[PROBLEM STATEMENT] From the line that holds "unfolding fock_def by simp" to the last line of the data, copy everything exactly; leave out all the rest.

RECORDS PROVIDED below:

lemma ann_square_summable:
  assumes "\<psi> \<in> fock" "finite Z"
  shows "(\<lambda>k. (cmod (ann k \<psi> Z))\<^sup>2) summable_on UNIV"
proof -
  have inj: "inj_on (\<lambda>k. insert k Z) (- Z)"
    by (intro inj_onI) blast
  have "(\<lambda>X. (cmod (\<psi> X))\<^sup>2) summable_on (\<lambda>k. insert k Z) ` (- Z)"
    using assms(1) by (rule fock_summable_on)
  then have "(\<lambda>k. (cmod (\<psi> (insert k Z)))\<^sup>2) summable_on (- Z)"
    using summable_on_reindex[OF inj, of "\<lambda>X. (cmod (\<psi> X))\<^sup>2"] by (simp add: comp_def)
  then show ?thesis
    using assms(2) by (subst summable_on_cong_neutral[where T="- Z"]) (auto simp: ann_def norm_mult)
qed

lemma hop_summable:
  assumes psi: "\<psi> \<in> fock"
  shows "(\<lambda>k. hop k \<psi> Y) summable_on A"
proof -
  have "(\<lambda>k. hop k \<psi> Y) summable_on UNIV"
  proof (cases "finite Y \<and> 0 \<in> Y")
    case True
    define Z where "Z = Y - {0}"
    have Y: "Y = insert 0 Z" "finite Z" "0 \<notin> Z"
      using True unfolding Z_def by auto
    have "cmod (hop k \<psi> Y) \<le> (cmod (hop_coef k))\<^sup>2 + (cmod (ann k \<psi> Z))\<^sup>2" for k
    proof (cases "k = 0")
      case False
      have "cmod (hop k \<psi> Y) = cmod (hop_coef k) * cmod (ann k \<psi> Z)"
        unfolding Y(1) using Y False by (simp add: hop_insert_0 norm_mult)
      then show ?thesis
        using sum_squares_bound[of "cmod (hop_coef k)" "cmod (ann k \<psi> Z)"]
          mult_nonneg_nonneg[OF norm_ge_zero norm_ge_zero, of "hop_coef k" "ann k \<psi> Z"] by linarith
    qed simp
    then have "(\<lambda>k. cmod (hop k \<psi> Y)) summable_on UNIV"
      by (intro summable_on_comparison_test[OF summable_on_add[OF hop_coef_square_summable
            ann_square_summable[OF psi Y(2)]]]) auto
    then show ?thesis
      by (simp add: summable_on_iff_abs_summable_on_complex)
  next
    case False
    have "hop k \<psi> Y = 0" if "k \<notin> Y" for k
      using False that by (cases "finite Y") (auto simp: hop_def cre_def ann_def)
    then have "(\<lambda>k. hop k \<psi> Y) summable_on UNIV \<longleftrightarrow> (\<lambda>k. hop k \<psi> Y) summable_on Y"
      by (intro summable_on_cong_neutral) auto
    then show ?thesis
      using False by (cases "finite Y") (auto simp: hop_infinite)
  qed
  then show ?thesis
    by (rule summable_on_subset_banach) simp
qed

lemma sum_hop_finite_bound:
  assumes psi: "\<psi> \<in> fock" and fF: "finite F" and FK: "F \<subseteq> K" and fW: "finite W"
  shows "(\<Sum>Y\<in>W. (cmod (\<Sum>k\<in>F. hop k \<psi> Y))\<^sup>2)
       \<le> (\<Sum>\<^sub>\<infinity>k\<in>K. (cmod (hop_coef k))\<^sup>2) * (\<Sum>\<^sub>\<infinity>X. (cmod (\<psi> X))\<^sup>2)"
proof -
  define W' where "W' = {Y\<in>W. finite Y}"
  define V where "V = (F \<union> \<Union> W') - {0}"
  have fV: "finite V"
    unfolding V_def W'_def using fF fW by auto
  have "(\<Sum>Y\<in>W. (cmod (\<Sum>k\<in>F. hop k \<psi> Y))\<^sup>2) = (\<Sum>Y\<in>W'. (cmod (\<Sum>k\<in>F - {0}. hop k \<psi> Y))\<^sup>2)"
    unfolding W'_def using fW fF
    by (intro sum.mono_neutral_cong_right) (auto simp: hop_infinite sum_diff1)
  also have "\<dots> \<le> (\<Sum>Y\<in>Pow (insert 0 V). (cmod (\<Sum>k\<in>F - {0}. hop k \<psi> Y))\<^sup>2)"
    using fV by (intro sum_mono2) (auto simp: V_def W'_def)
  also have "\<dots> \<le> (\<Sum>k\<in>F - {0}. (cmod (hop_coef k))\<^sup>2) * (\<Sum>Y\<in>Pow (insert 0 V). (cmod (\<psi> Y))\<^sup>2)"
    using fV by (intro hop_sum_Pow_bound) (auto simp: V_def)
  also have "\<dots> \<le> (\<Sum>k\<in>F. (cmod (hop_coef k))\<^sup>2) * (\<Sum>\<^sub>\<infinity>X. (cmod (\<psi> X))\<^sup>2)"
    using fF fV by (intro mult_mono sum_mono2 fock_sum_le_infsum[OF psi]) (auto simp: sum_nonneg)
  also have "\<dots> \<le> (\<Sum>\<^sub>\<infinity>k\<in>K. (cmod (hop_coef k))\<^sup>2) * (\<Sum>\<^sub>\<infinity>X. (cmod (\<psi> X))\<^sup>2)"
    using fF FK by (intro mult_right_mono finite_sum_le_infsum hop_coef_square_summable infsum_nonneg) auto
  finally show ?thesis .
qed

definition hop_sum :: "int set \<Rightarrow> fop" where
  "hop_sum K \<psi> Y = (\<Sum>\<^sub>\<infinity>k\<in>K. hop k \<psi> Y)"

lemma hop_sum_finite_bound:
  assumes psi: "\<psi> \<in> fock" and fW: "finite W"
  shows "(\<Sum>Y\<in>W. (cmod (hop_sum K \<psi> Y))\<^sup>2)
       \<le> (\<Sum>\<^sub>\<infinity>k\<in>K. (cmod (hop_coef k))\<^sup>2) * (\<Sum>\<^sub>\<infinity>X. (cmod (\<psi> X))\<^sup>2)"
proof (rule tendsto_upperbound)
  have "((\<lambda>F. \<Sum>k\<in>F. hop k \<psi> Y) \<longlongrightarrow> hop_sum K \<psi> Y) (finite_subsets_at_top K)" for Y
    using has_sum_infsum[OF hop_summable[OF psi]] unfolding has_sum_def hop_sum_def .
  then show "((\<lambda>F. \<Sum>Y\<in>W. (cmod (\<Sum>k\<in>F. hop k \<psi> Y))\<^sup>2) \<longlongrightarrow> (\<Sum>Y\<in>W. (cmod (hop_sum K \<psi> Y))\<^sup>2))
      (finite_subsets_at_top K)"
    by (intro tendsto_intros)
  show "\<forall>\<^sub>F F in finite_subsets_at_top K. (\<Sum>Y\<in>W. (cmod (\<Sum>k\<in>F. hop k \<psi> Y))\<^sup>2)
      \<le> (\<Sum>\<^sub>\<infinity>k\<in>K. (cmod (hop_coef k))\<^sup>2) * (\<Sum>\<^sub>\<infinity>X. (cmod (\<psi> X))\<^sup>2)"
    using sum_hop_finite_bound[OF psi _ _ fW] by (intro eventually_finite_subsets_at_top_weakI)
qed simp

lemma hop_sum_bounded:
  assumes psi: "\<psi> \<in> fock"
  shows "hop_sum K \<psi> \<in> fock"
    and "fnorm (hop_sum K \<psi>) \<le> sqrt (\<Sum>\<^sub>\<infinity>k\<in>K. (cmod (hop_coef k))\<^sup>2) * fnorm \<psi>"
proof -
  have sq: "(\<lambda>Y. (cmod (hop_sum K \<psi> Y))\<^sup>2) summable_on UNIV"
    by (rule nonneg_bdd_above_summable_on) (auto intro!: bdd_aboveI hop_sum_finite_bound[OF psi])
  then show "hop_sum K \<psi> \<in> fock"
    unfolding fock_def by (auto simp: hop_sum_def hop_infinite)
  have "(\<Sum>\<^sub>\<infinity>Y. (cmod (hop_sum K \<psi> Y))\<^sup>2)
      \<le> (\<Sum>\<^sub>\<infinity>k\<in>K. (cmod (hop_coef k))\<^sup>2) * (\<Sum>\<^sub>\<infinity>X. (cmod (\<psi> X))\<^sup>2)"
    by (rule infsum_le_finite_sums[OF sq hop_sum_finite_bound[OF psi]])
  then show "fnorm (hop_sum K \<psi>) \<le> sqrt (\<Sum>\<^sub>\<infinity>k\<in>K. (cmod (hop_coef k))\<^sup>2) * fnorm \<psi>"
    unfolding fnorm_def by (simp flip: real_sqrt_mult)
qed

lemma opnorm_le:
  assumes "\<And>\<psi>. \<psi> \<in> fock \<Longrightarrow> fnorm (T \<psi>) \<le> C * fnorm \<psi>" and "C \<ge> 0"
  shows "opnorm T \<le> C"
  unfolding opnorm_def
proof (rule cSup_least)
  have "(\<lambda>_. 0) \<in> fock"
    unfolding fock_def by simp
  then show "{fnorm (T \<psi>) |\<psi>. \<psi> \<in> fock \<and> fnorm \<psi> \<le> 1} \<noteq> {}"
    by (auto simp: fnorm_def)
  show "x \<le> C" if x: "x \<in> {fnorm (T \<psi>) |\<psi>. \<psi> \<in> fock \<and> fnorm \<psi> \<le> 1}" for x
  proof -
    obtain \<psi> where "x = fnorm (T \<psi>)" "\<psi> \<in> fock" "fnorm \<psi> \<le> 1"
      using x by blast
    then show ?thesis
      using assms mult_left_le[of "fnorm \<psi>" C] by fastforce
  qed
qed

lemma opnorm_hop_sum_le: "opnorm (hop_sum K) \<le> sqrt (\<Sum>\<^sub>\<infinity>k\<in>K. (cmod (hop_coef k))\<^sup>2)"
  using hop_sum_bounded(2) by (intro opnorm_le) (auto intro: infsum_nonneg)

End of RECORDS PROVIDED.

[SOLUTION TO THIS EXERCISE]
    unfolding fock_def by simp
  then show "{fnorm (T \<psi>) |\<psi>. \<psi> \<in> fock \<and> fnorm \<psi> \<le> 1} \<noteq> {}"
    by (auto simp: fnorm_def)
  show "x \<le> C" if x: "x \<in> {fnorm (T \<psi>) |\<psi>. \<psi> \<in> fock \<and> fnorm \<psi> \<le> 1}" for x
  proof -
    obtain \<psi> where "x = fnorm (T \<psi>)" "\<psi> \<in> fock" "fnorm \<psi> \<le> 1"
      using x by blast
    then show ?thesis
      using assms mult_left_le[of "fnorm \<psi>" C] by fastforce
  qed
qed

lemma opnorm_hop_sum_le: "opnorm (hop_sum K) \<le> sqrt (\<Sum>\<^sub>\<infinity>k\<in>K. (cmod (hop_coef k))\<^sup>2)"
  using hop_sum_bounded(2) by (intro opnorm_le) (auto intro: infsum_nonneg)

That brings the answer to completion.